Wednesday, November 10, 2010

We are DONE!

Satan,
You have to stop calling me; I told you it’s over. We broke up 2 years ago and I still see you hanging outside my door, disrupting me at school, even following me to family dinners! But we'll never get back together. You and I both know we have become estranged and I’m serious when I say we are through.  I know we used to spend weeks at a time together carefree, just doing whatever we wanted but I told you that was puppy love, back then I had no idea what real love is! 
Aside from that you’re such a liar! You always told me how I 'had' to dress, the 'right' way to look, and you always told me I needed these worthless things when I didn't! We always did what you wanted to do and you promised again and again that we would have the time of our lives but somehow I was always left cleaning up the mess at the end of yet another disappointing day. To be perfectly honest you never did satisfy me and your so not attractive to me anymore. I thought more partying, gossiping, and more time with you would do the trick but it only burned me out. And here you are trying to serenade me again. Did you think I wouldn’t notice that you are trying to get with all my friends?! Even my family! How sick are you?
Anyways I wanted to tell you once and for all, the rumors are true: I’m with Jesus and we are married now and yes He is that guy you always hated and even tried convinced me to hate. You really turned on the waterworks when you noticed me notice him, but that is not going to work anymore.  You told me about his family, how they don’t know how to have a good time, how they aren’t into “free living” like us. But I met them and they aren’t how you said they are, actually quite the opposite. I am almost flattered that you would try so hard to get my attention but no matter what you do or how you try you could never be half the man my Jesus is.  Stop calling me, stop following me; it’s just not going to happen.
Good riddance,
Julie

Wednesday, November 3, 2010

[dis]content.

The first time I heard 'The Anthem' by Jake Hamilton, I was sitting on my roof looking at the stars, completely awestruck, tears falling down my eyes, as I heard Jake belting. 

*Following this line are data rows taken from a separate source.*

lemma partition_of_unity:
  assumes fin: "finite \<V>" and opn: "\<forall>V\<in>\<V>. openin mtopology V" and cov: "\<Union>\<V> = M"
  obtains \<phi> where "\<And>V. continuous_map mtopology euclideanreal (\<phi> V)"
    and "\<And>V x. x \<in> M \<Longrightarrow> 0 \<le> \<phi> V x" and "\<And>V x. x \<in> M - V \<Longrightarrow> \<phi> V x = 0"
    and "\<And>V x. V \<in> \<V> \<Longrightarrow> x \<in> V \<Longrightarrow> 0 < \<phi> V x"
    and "\<And>x. x \<in> M \<Longrightarrow> (\<Sum>V\<in>\<V>. \<phi> V x) = 1"
proof
  define S where "S x = (\<Sum>V\<in>\<V>. bump V x)" for x
  have S_pos: "S x > 0" if xM: "x \<in> M" for x
  proof -
    obtain V where V: "V \<in> \<V>" "x \<in> V" using cov xM by blast
    then have "bump V x > 0" using bump_pos opn by blast
    then show ?thesis
      unfolding S_def by (rule sum_pos2[OF fin V(1)]) (rule bump_nonneg)
  qed
  have S_cont: "continuous_map mtopology euclideanreal S"
    unfolding S_def using fin by (intro continuous_map_sum continuous_map_bump)
  show "continuous_map mtopology euclideanreal (\<lambda>x. bump V x / S x)" for V
  proof (rule continuous_map_real_divide[OF continuous_map_bump S_cont])
    show "x \<in> topspace mtopology \<Longrightarrow> S x \<noteq> 0" for x using S_pos[of x] by simp
  qed
  show "x \<in> M \<Longrightarrow> 0 \<le> bump V x / S x" for V x
    using S_pos[of x] bump_nonneg[of V x] by simp
  show "x \<in> M - V \<Longrightarrow> bump V x / S x = 0" for V x
    using bump_eq_0[of x V] by simp
  show "V \<in> \<V> \<Longrightarrow> x \<in> V \<Longrightarrow> 0 < bump V x / S x" for V x
  proof -
    assume "V \<in> \<V>" "x \<in> V"
    then have "x \<in> M" "bump V x > 0" using cov opn bump_pos by auto
    then show ?thesis using S_pos[of x] by simp
  qed
  show "x \<in> M \<Longrightarrow> (\<Sum>V\<in>\<V>. bump V x / S x) = 1" for x
    using S_pos[of x] by (simp add: S_def sum_divide_distrib[symmetric])
qed

text \<open>\<open>g\<close> is an \<open>r\<close>-map (points with equal images are closer than \<open>r\<close>) with modulus \<open>\<delta>\<close>; unlike
  the pointwise condition, this survives perturbations of \<open>g\<close> that are small relative to \<open>\<delta>\<close>.\<close>
definition uniform_r_map :: "nat \<Rightarrow> ('a \<Rightarrow> nat \<Rightarrow> real) \<Rightarrow> real \<Rightarrow> real \<Rightarrow> bool" where
  "uniform_r_map N g r \<delta> \<longleftrightarrow> (\<forall>x\<in>M. \<forall>y\<in>M. (\<Sum>i<N. \<bar>g x i - g y i\<bar>) < \<delta> \<longrightarrow> d x y < r)"

lemma r_map_imp_uniform_r_map:
  assumes cpt: "compact_space mtopology" and h: "continuous_coords mtopology N h"
    and r_map: "\<forall>x\<in>M. \<forall>y\<in>M. (\<forall>i<N. h x i = h y i) \<longrightarrow> d x y < r"
  shows "\<exists>\<delta>>0. uniform_r_map N h r \<delta>"
proof -
  let ?P = "prod_topology mtopology mtopology"
  define F where "F p = (\<Sum>i<N. \<bar>h (fst p) i - h (snd p) i\<bar>)" for p
  have "continuous_map ?P euclideanreal (\<lambda>p. h (fst p) i)"
    "continuous_map ?P euclideanreal (\<lambda>p. h (snd p) i)" if "i < N" for i
    using h that continuous_map_of_fst[of mtopology mtopology euclideanreal "\<lambda>x. h x i"]
      continuous_map_of_snd[of mtopology mtopology euclideanreal "\<lambda>x. h x i"]
    by (auto simp: continuous_coords_def o_def)
  then have "continuous_coords ?P N (\<lambda>p. h (fst p))" "continuous_coords ?P N (\<lambda>p. h (snd p))"
    by (simp_all add: continuous_coords_def)
  then have F_cont: "continuous_map ?P euclideanreal F"
    unfolding F_def by (rule continuous_map_sum_abs_diff_coords)
  have "continuous_map ?P euclideanreal (case_prod d)"
    using continuous_map_metric[of "metric (M, d)"] by simp
  define K where "K = {p \<in> topspace ?P. case_prod d p \<in> {r..}}"
  have "closedin ?P K"
    unfolding K_def by (rule closedin_continuous_map_preimage) (fact, simp)
  then have "compactin ?P K"
    using cpt by (simp add: closedin_compact_space compact_space_prod_topology)
  show ?thesis
  proof (cases "K = {}")
    case True
    then have "uniform_r_map N h r 1" by (auto simp: uniform_r_map_def K_def not_le)
    then show ?thesis by (intro exI[of _ 1]) simp
  next
    case False
    text \<open>The continuous function \<open>F\<close> attains a minimum \<open>m\<close> on the compact set \<open>K\<close> of far-apart pairs.\<close>
    have "compact (F ` K)" using image_compactin[OF \<open>compactin ?P K\<close> F_cont] by simp
    with False obtain m where m: "m \<in> F ` K" "\<forall>z\<in>F ` K. m \<le> z"
      using compact_attains_inf by blast
    then obtain p where p: "p \<in> K" "m = F p" by blast
    have "m > 0"
    proof (rule ccontr)
      assume "\<not> m > 0"
      moreover have "m \<ge> 0" using p by (simp add: F_def sum_nonneg)
      ultimately have "F p = 0" using p by simp
      then have "\<forall>i<N. h (fst p) i = h (snd p) i"
        unfolding F_def by (subst (asm) sum_nonneg_eq_0_iff) auto
      moreover have "fst p \<in> M" "snd p \<in> M" "r \<le> d (fst p) (snd p)"
        using p by (auto simp: K_def case_prod_beta)
      ultimately show False using r_map by fastforce
    qed
    moreover have "uniform_r_map N h r m"
      unfolding uniform_r_map_def
    proof (intro ballI impI)
      fix x y assume xy: "x \<in> M" "y \<in> M" and lt: "(\<Sum>i<N. \<bar>h x i - h y i\<bar>) < m"
      show "d x y < r"
      proof (rule ccontr)
        assume "\<not> d x y < r"
        with xy have "(x, y) \<in> K" by (auto simp: K_def)
        then have "m \<le> F (x, y)" using m(2) by blast
        with lt show False by (simp add: F_def)
      qed
    qed
    ultimately show ?thesis by blast
  qed
qed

I am royalty. I have destiny. I have been set free. I will shake history


He's calling, wake up child. It's your turn to shine. You were born for such a time as this.

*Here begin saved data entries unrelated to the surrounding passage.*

(* Let $E$ be a JB$^*$-triple in which tripotents are norm-total, and let $T:E\to E$ be a bounded linear map. The following are equivalent: (a) $T$ is a triple derivation; (b) for each tripotent $e\in E$, the map $(P_0(e)+P_2(e))T|_{E_0(e)\oplus E_2(e)}:E_0(e)\oplus E_2(e)\to E_0(e)\oplus E_2(e)$ is a triple derivation of the JB$^*$-subtriple $E_0(e)\oplus E_2(e)$; (c) for each tripotent $e\in E$, the map $P_2(e)T|_{E_2(e)}:E_2(e)\to E_2(e)$ is a triple derivation of $E_2(e)$ and $P_0(e)T(e)=0$.
   Context: A JB$^*$-triple is a complex Banach space $E$ with a continuous triple product $\{\cdot,\cdot,\cdot\}$, bilinear and symmetric in the outer variables and conjugate-linear in the middle one, satisfying the Jordan identity $L(a,b)L(x,y)=L(x,y)L(a,b)+L(L(a,b)x,y)-L(x,L(b,a)y)$, such that $L(a,a)$ is hermitian with non-negative spectrum and $\|\{a,a,a\}\|=\|a\|^3$, where $L(a,b)x=\{a,b,x\}$. Elements $a,b$ are orthogonal ($a\perp b$) if $L(a,b)=0$. A tripotent is $e\in E$ with $\{e,e,e\}=e$; it induces the Peirce decomposition $E=E_2(e)\oplus E_1(e)\oplus E_0(e)$, $E_j(e)=\{x:\{e,e,x\}=\tfrac j2 x\}$, with Peirce projections $P_j(e)$ onto $E_j(e)$; each $E_j(e)$ and $E_0(e)\oplus E_2(e)$ are JB$^*$-subtriples. Tripotents are norm-total in $E$ if every element of $E$ is a norm limit of finite linear combinations of mutually orthogonal tripotents. A linear map $\delta$ is a triple derivation if $\delta\{a,b,c\}=\{\delta(a),b,c\}+\{a,\delta(b),c\}+\{a,b,\delta(c)\}$ for all $a,b,c$. *)

theory Defs
  imports "HOL-Analysis.Analysis"
begin
(* Let $p\ge1$, let $m\in\mathbb Z$ with $1\le m\le p$, and let $n\in\mathbb Z_{\ge0}$ with $m\ne n$. Then $[v(-m,n),\det\mathbf V_p]=0$ in $U(\mathcal L_r)$.
   Context: Fix an integer $d\ge 2$ and $r\in\mathbb{C}$. Let $\hat{\mathfrak h}$ be the complex Lie algebra with basis $\{v^i(m)\mid 1\le i\le d,\ m\in\mathbb{Z}\}\cup\{\mathbf c\}$ and bracket $[v^i(m),v^j(n)]=\delta_{m+n,0}\delta_{i,j}\,m\,\mathbf c$, $[\mathbf c,\hat{\mathfrak h}]=0$. In $A=U(\hat{\mathfrak h})/\langle \mathbf c-1\rangle$ let $v^{ij}(m,n)$ be the image of $v^i(m)v^j(n)$; then $v^{ij}(m,n)=v^{ji}(n,m)$ unless $i=j$ and $m=-n$, and $v^{ii}(m,-m)=v^{ii}(-m,m)+m$. Let $\mathcal B=\{v^{ii}(m,n)\mid 1\le i\le d,\ m\le n\}\cup\{v^{ij}(m,n)\mid 1\le i<j\le d,\ m,n\in\mathbb Z\}$; then $\mathcal B\cup\{1\}$ is linearly independent, $\mathcal L:=\mathrm{span}_{\mathbb C}\mathcal B\oplus\mathbb C\subset A$ contains every $v^{ij}(m,n)$ and is closed under $[x,y]=xy-yx$. With $\pi_1,\pi_2$ the projections of $\mathcal L$ onto $\mathrm{span}\,\mathcal B$ and onto $\mathbb C$, $[x,y]_r=\pi_1([x,y])+r\pi_2([x,y])$ is a Lie bracket on $\mathcal L$; call this Lie algebra $\mathcal L_r$; commutators in $U(\mathcal L_r)$ are taken with respect to $[\cdot,\cdot]_r$. Write $v(m,n)=v^{11}(m,n)$. The elements $v(-s,-t)$ with $s,t>0$ pairwise commute in $U(\mathcal L_r)$, so the determinant $\det\mathbf V_p=\sum_{\sigma\in\mathfrak S_p}\mathrm{sgn}(\sigma)\prod_{q=1}^p v(-q,-\sigma(q))\in U(\mathcal L_r)$ of the $p\times p$ matrix $\mathbf V_p=(v(-s,-t))_{1\le s,t\le p}$ is well defined. *)

theory Defs
  imports Complex_Main "HOL-Library.Poly_Mapping" "HOL-Combinatorics.Permutations"
begin

(* Basis of L: generators V i j m n stand for v^{ij}(m,n) (canonical forms only,
   see valid_gen); K stands for the basis vector 1 of the summand C of L. *)
datatype gen = V nat nat int int | K
lemma minus_two_eq_three: "- 2 = (3::'a)"
proof -
  have "(3::'a) = 5 - 2" by simp
  with five_eq_zero show ?thesis by simp
qed

lemma two_mult_add_eq_0_imp: "2 * x + y = 0 \<Longrightarrow> y = 3 * (x::'a)"
  by (simp add: add_eq_0_iff flip: minus_two_eq_three)

lemma three_neq_zero: "(3::'a) \<noteq> 0"
  using two_neq_zero by (simp flip: minus_two_eq_three)

lemma sixteen_eq_one: "(16::'a) = 1"
proof -
  have "(16::'a) = 1 + 3 * 5" by simp
  with five_eq_zero show ?thesis by simp
qed

text \<open>Since \<open>2\<^sup>4 = 1\<close> and \<open>8\<close> divides \<open>q - 1\<close>, both \<open>2 ^ ((q\<^sup>2 - 1) / 2)\<close> and \<open>r ^ (q - 1)\<close> for
  a square root \<open>r\<close> of \<open>2\<close> are powers of \<open>2\<^sup>4\<close>.\<close>
lemma sqrt_two_Fq: "\<exists>r::'a. r ^ q = r \<and> r\<^sup>2 = 2"
proof -
  obtain t where t: "q - 1 = 24 * t" using q_mod_24 by (elim dvdE)
  have card_units: "card (UNIV :: 'a set) - 1 = 2 * (4 * (3 * t * (q + 1)))"
    unfolding card_UNIV_minus_1 t by simp
  hence "(card (UNIV :: 'a set) - 1) div 2 = 4 * (3 * t * (q + 1))" by simp
  hence "(2::'a) ^ ((card (UNIV :: 'a set) - 1) div 2) = (2 ^ 4) ^ (3 * t * (q + 1))"
    by (simp only: power_mult)
  also have "\<dots> = 1" using sixteen_eq_one by simp
  finally have "(2::'a) ^ ((card (UNIV :: 'a set) - 1) div 2) = 1" .
  moreover have "2 dvd card (UNIV :: 'a set) - 1" unfolding card_units by simp
  ultimately obtain r :: 'a where r: "r\<^sup>2 = 2"
    using ex_nth_root_if_power_eq_1[OF zero_less_numeral] two_neq_zero by blast
  have "r ^ (q - 1) = ((r\<^sup>2) ^ 4) ^ (3 * t)" unfolding t by (simp flip: power_mult)
  also have "\<dots> = 1" using r sixteen_eq_one by simp
  finally have "r * r ^ (q - 1) = r" by simp
  hence "r ^ q = r" using q_pos by (cases q) auto
  with r show ?thesis by blast
qed

lemma two_alpha_mult_C0: "D \<in> C0 q \<Longrightarrow> 2 * \<alpha> * D \<in> C1 q"
  and two_alpha_mult_C1: "D \<in> C1 q \<Longrightarrow> 2 * \<alpha> * D \<in> C0 q"
proof -
  obtain r :: 'a where "r ^ q = r" "r\<^sup>2 = 2" using sqrt_two_Fq by blast
  with two_neq_zero have "(2::'a) \<in> C0 q" unfolding mem_C0_iff by (intro exI[of _ r]) auto
  hence "2 * \<alpha> \<in> C1 q" using alpha_nonsquare by (rule C0_mult_C1)
  thus "D \<in> C0 q \<Longrightarrow> 2 * \<alpha> * D \<in> C1 q" "D \<in> C1 q \<Longrightarrow> 2 * \<alpha> * D \<in> C0 q"
    using C0_mult_C1[of D "2 * \<alpha>"] C1_mult_C1[of "2 * \<alpha>" D] by (simp_all add: mult.commute)
qed

text \<open>With \<open>r\<^sup>2 = 2\<close> we have \<open>3 = 8 = (2 r)\<^sup>2\<close>, so \<open>e \<noteq> 0\<close> would make \<open>\<alpha> = (2 r A / e)\<^sup>2\<close> a square.\<close>
lemma alpha_square_eq_three_square:
  fixes A e :: 'a
  assumes "A ^ q = A" "e ^ q = e" "\<alpha> * e\<^sup>2 = 3 * A\<^sup>2"
  shows "e = 0 \<and> A = 0"
proof -
  obtain r :: 'a where r: "r ^ q = r" "r\<^sup>2 = 2" using sqrt_two_Fq by blast
  have "e = 0"
  proof (rule ccontr)
    assume "e \<noteq> 0"
    have "(8::'a) = 3 + 5" by simp
    hence "\<alpha> = 8 * A\<^sup>2 / e\<^sup>2" using assms(3) \<open>e \<noteq> 0\<close> five_eq_zero by (simp add: field_simps)
    also have "\<dots> = (2 * r * A / e)\<^sup>2" using r(2) by (simp add: power_divide power_mult_distrib)
    finally show False
      using alpha_neq_square[of "2 * r * A / e"] r(1) assms(1,2) by (simp add: frobenius_simps)
  qed
  with assms(3) three_neq_zero show ?thesis by simp
qed

text \<open>The identity below shows \<open>A\<^sup>2 = C\<^sup>2\<close> unless \<open>2 A\<^sup>2 + \<alpha> e\<^sup>2 = 0\<close>, i.e. \<open>\<alpha> e\<^sup>2 = 3 A\<^sup>2\<close>.\<close>
lemma eq_or_eq_neg_if_same_product_and_form:
  assumes Fq: "A ^ q = A" "b ^ q = b" "C ^ q = C" "e ^ q = e"
    and prod: "A * b = C * e"
    and form: "2 * A\<^sup>2 - \<alpha> * b\<^sup>2 = 2 * C\<^sup>2 - \<alpha> * e\<^sup>2"
  shows "(C = A \<and> e = b) \<or> (C = - A \<and> e = - b)"
proof -
  have "(2 * A\<^sup>2 - 2 * C\<^sup>2) * (2 * A\<^sup>2 + \<alpha> * e\<^sup>2)
      = 2 * A\<^sup>2 * ((2 * A\<^sup>2 - \<alpha> * b\<^sup>2) - (2 * C\<^sup>2 - \<alpha> * e\<^sup>2)) + 2 * \<alpha> * ((A * b)\<^sup>2 - (C * e)\<^sup>2)"
    by (simp add: algebra_simps power2_eq_square)
  also have "\<dots> = 0" using prod form by simp
  finally have "2 * (A\<^sup>2 - C\<^sup>2) = 0 \<or> 2 * A\<^sup>2 + \<alpha> * e\<^sup>2 = 0"
    by (simp add: right_diff_distrib)
  then consider "2 * A\<^sup>2 + \<alpha> * e\<^sup>2 = 0" | "A\<^sup>2 = C\<^sup>2"
    using two_neq_zero by auto
  thus ?thesis
  proof cases
    case 1
    hence "\<alpha> * e\<^sup>2 = 3 * A\<^sup>2" by (rule two_mult_add_eq_0_imp)
    hence "e = 0 \<and> A = 0" using alpha_square_eq_three_square Fq(1,4) by blast
    moreover have "2 * C\<^sup>2 + \<alpha> * b\<^sup>2 = (2 * C\<^sup>2 - \<alpha> * e\<^sup>2) - (2 * A\<^sup>2 - \<alpha> * b\<^sup>2) + 2 * A\<^sup>2 + \<alpha> * e\<^sup>2"
      by (simp add: algebra_simps)
    with form calculation have "2 * C\<^sup>2 + \<alpha> * b\<^sup>2 = 0" by simp
    hence "\<alpha> * b\<^sup>2 = 3 * C\<^sup>2" by (rule two_mult_add_eq_0_imp)
    hence "b = 0 \<and> C = 0" using alpha_square_eq_three_square Fq(2,3) by blast
    ultimately show ?thesis by simp
  next
    case 2
    with form have "\<alpha> * b\<^sup>2 = \<alpha> * e\<^sup>2" by simp
    hence "b\<^sup>2 = e\<^sup>2" using alpha_nonzero by simp
    with 2 have "C = A \<or> C = - A" "e = b \<or> e = - b" by (auto simp: power2_eq_iff)
    thus ?thesis using prod by (auto simp: self_eq_neg_iff neg_eq_self_iff)
  qed
qed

Fast forward now, a couple weeks later sitting in a field at my church. Screaming these wonderful words over and over again, they echoed through my earbuds and became a declaration over my own life. I had no idea the power or gravity of what I was saying, how I was indeed created with such purpose in mind. My sole purpose of existence is for glory.
Let me tell you, screaming at the top of your lungs, "I am going to change the world" does something to you. And then a couple days later I had one of 'those' moments. The kind where it all just clicks.
I was driving in George (my jeep wrangler) as the song came on my iPod, so naturally I turned up the volume. For those of you who have never heard this song, listen to it and you'll see why. And I heard the words, 'I can hear the footsteps of my king..'
then it got to


Wake up child, it's your turn to shine, you were born for such a time as this.

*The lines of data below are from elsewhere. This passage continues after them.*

lemma transposition_word_reduced:
  assumes "w permutes {1..D}"
  shows "\<exists>ts. length ts = n_inversions D w \<and> set ts \<subseteq> {1..<D} \<and> w = transposition_word ts"
  using assms
proof (induction "n_inversions D w" arbitrary: w rule: less_induct)
  case less
  note w = less.prems
  show ?case
  proof (cases "w = id")
    case True
    have "inversions D id = {}" by (auto simp: inversions_def)
    then show ?thesis using True by (intro exI[of _ "[]"]) (simp add: n_inversions_def)
  next
    case False
    then have "inv w \<noteq> id" using w by (metis inv_id permutes_inv_inv)
    then obtain i where i: "1 \<le> i" "i < D" "\<not> inv w i < inv w (Suc i)"
      using permutes_ascending_eq_id[OF permutes_inv[OF w]] by blast
    have "inv w i \<noteq> inv w (Suc i)"
      using permutes_apply_eq_iff[OF permutes_inv[OF w]] by simp
    then have desc: "inv w (Suc i) < inv w i" using i by simp
    define h where "h = transpose i (Suc i) \<circ> w"
    have h: "h permutes {1..D}"
      unfolding h_def using w i by (intro permutes_compose permutes_swap_id) auto
    have n: "Suc (n_inversions D h) = n_inversions D w"
      unfolding h_def by (rule n_inversions_adjacent_swap_descent[OF w i(1,2) desc])
    obtain ts where ts: "length ts = n_inversions D h" "set ts \<subseteq> {1..<D}" "h = transposition_word ts"
      using less.hyps[OF _ h] n by auto
    have "w = transpose i (Suc i) \<circ> h" by (simp add: h_def comp_assoc[symmetric])
    then show ?thesis using ts n i by (intro exI[of _ "i # ts"]) auto
  qed
qed
(* There exists a family of $n$-bit communication problems $F_n:\{0,1\}^n\times\{0,1\}^n\to\{0,1\}$ with $\mathsf{PP}(F_n)=O(\log n)$ and $\mathrm{rect}(F_n)^{-1}=2^{\Omega(n)}$. In particular, $\mathsf{D}^{\mathsf{NP}}(F_n)=\Omega(n)$, and the communication class $\mathsf{PP}$ is not contained in the communication class $\mathsf{P}^{\mathsf{NP}}$.
   Context: For a Boolean matrix $F\in\{0,1\}^{\mathcal X\times\mathcal Y}$: a monochromatic rectangle is a set $S\times T$ ($S\subseteq\mathcal X,T\subseteq\mathcal Y$) on which $F$ is constant, and $\mathrm{rect}(F)=\max_R |R|/|\mathcal X\times\mathcal Y|$ over monochromatic rectangles $R$. A deterministic protocol is a binary tree whose internal nodes are owned by Alice (labelled by a function of $x$ into $\{0,1\}$) or Bob (a function of $y$); the leaf reached on $(x,y)$ gives the output; cost is the height. A nondeterministic protocol is a family of deterministic protocols $\pi_a$ indexed by advice strings $a\in\{0,1\}^k$, computing $F$ if $F(x,y)=1\iff\exists a:\pi_a(x,y)=1$, with cost $k$ plus the maximum cost of the $\pi_a$; $\mathsf{N}(F)$ is the minimum such cost. An oracle protocol is a deterministic protocol tree in which some internal nodes $v$ are instead labelled by a triple $(P_v,a_v,b_v)$, where $P_v$ is a Boolean matrix on some $\mathcal X'\times\mathcal Y'$, $a_v:\mathcal X\to\mathcal X'$, $b_v:\mathcal Y\to\mathcal Y'$, and the branch taken at $v$ is $P_v(a_v(x),b_v(y))$. The $\mathsf{D}^{\mathsf{NP}}$ cost of a root-to-leaf path is the number of communicated bits on it plus $\sum_v \mathsf{N}(P_v)$ over oracle nodes $v$ on it; the cost of the protocol is the maximum over paths, and $\mathsf{D}^{\mathsf{NP}}(F)$ is the minimum cost of an oracle protocol computing $F$. A public-coin randomized protocol is a probability distribution over deterministic protocols (chosen using shared randomness), with cost the maximum cost of the protocols in the support; $\mathsf{R}_\epsilon(F)$ is the minimum cost of such a protocol whose output differs from $F(x,y)$ with probability at most $\epsilon$ for every input $(x,y)$. Define $\mathsf{PP}(F)=\min_{\epsilon<1/2}\big(\mathsf{R}_\epsilon(F)+\log_2\frac{1}{1/2-\epsilon}\big)$. The class $\mathsf{PP}$ (resp. $\mathsf{P}^{\mathsf{NP}}$) consists of families of $n$-bit problems $F_n$ (matrices with $\lceil\log_2\max(|\mathcal X|,|\mathcal Y|)\rceil=n$) with $\mathsf{PP}(F_n)$ (resp. $\mathsf{D}^{\mathsf{NP}}(F_n)$) bounded by a polylogarithmic function of $n$. *)

theory Defs
  imports "HOL-Probability.Probability_Mass_Function" "HOL-Library.Extended_Real"
begin

definition bits :: "nat \<Rightarrow> bool list set" where
  "bits n = {xs. length xs = n}"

You may not know this about me, but I am a generally discontented person. All last year the only thought going through my head was Africa, and how excited I was. In Africa, time slowed. I learned a very valuable lesson that I have forgotten every since I've come back to America; to not worry about the future and what is happening next. In Kenya we had NO concept of time or what was coming next. It was so freeing! But ever since I have been back I have been thinking about what is coming next so much. What do I do about this year? Next year? College? Where is my next trip? Even just getting through the week for the weekend, which goes by much to fast. Then going through the whole next week just looking forward to Friday again.


It's robbed me.


It has robbed me of just enjoying where I am right now. This way of thinking has kept me from understanding how I was born for such a time as this. I've spent too much of my life wondering about how I'm going to get to the next thing and glorifying it in my head that I don't know how to enjoy the right now.  The truth is that whether i am in Bolivia, Russia, or Klein Collins High School, I'll never find true contentment as long as I'm searching for it in my circumstances.  When I can look beyond where I am at, who I'm with, and what I'm doing; beyond all of the junk, injustice, poverty, and chaos; when I can look past it all and lock eyes with the king of kings, that's when I'll find contentment and that's when a deep resolve will rest in my heart of hearts to say "it really doesn't matter."  none of it...good, bad, right and wrong, the hell and the happiness.  It all goes away when i can stand solely upon who the Lord is and who I am to him.


I'm choosing to say that i was born for such a time as this. 11 months ago 'this' was in colorado, 5 months it was in goergia, 4 months it was kenya, yesterday it was sitting at starbucks. It's all kingdom.  It's all destiny.  It's all a part of shaking history.  Would i rather be holding aids babies in eburru, kenya or walking in kibera?  yes.  I would rather be doing that.  but i believe the lord will give me all of those things back, in one way or another, in his timing.

but today, i'm choosing to fight for contentment.  
i'm choosing to declare that i was born for such a time as this.  
and i'm battling to make this good enough.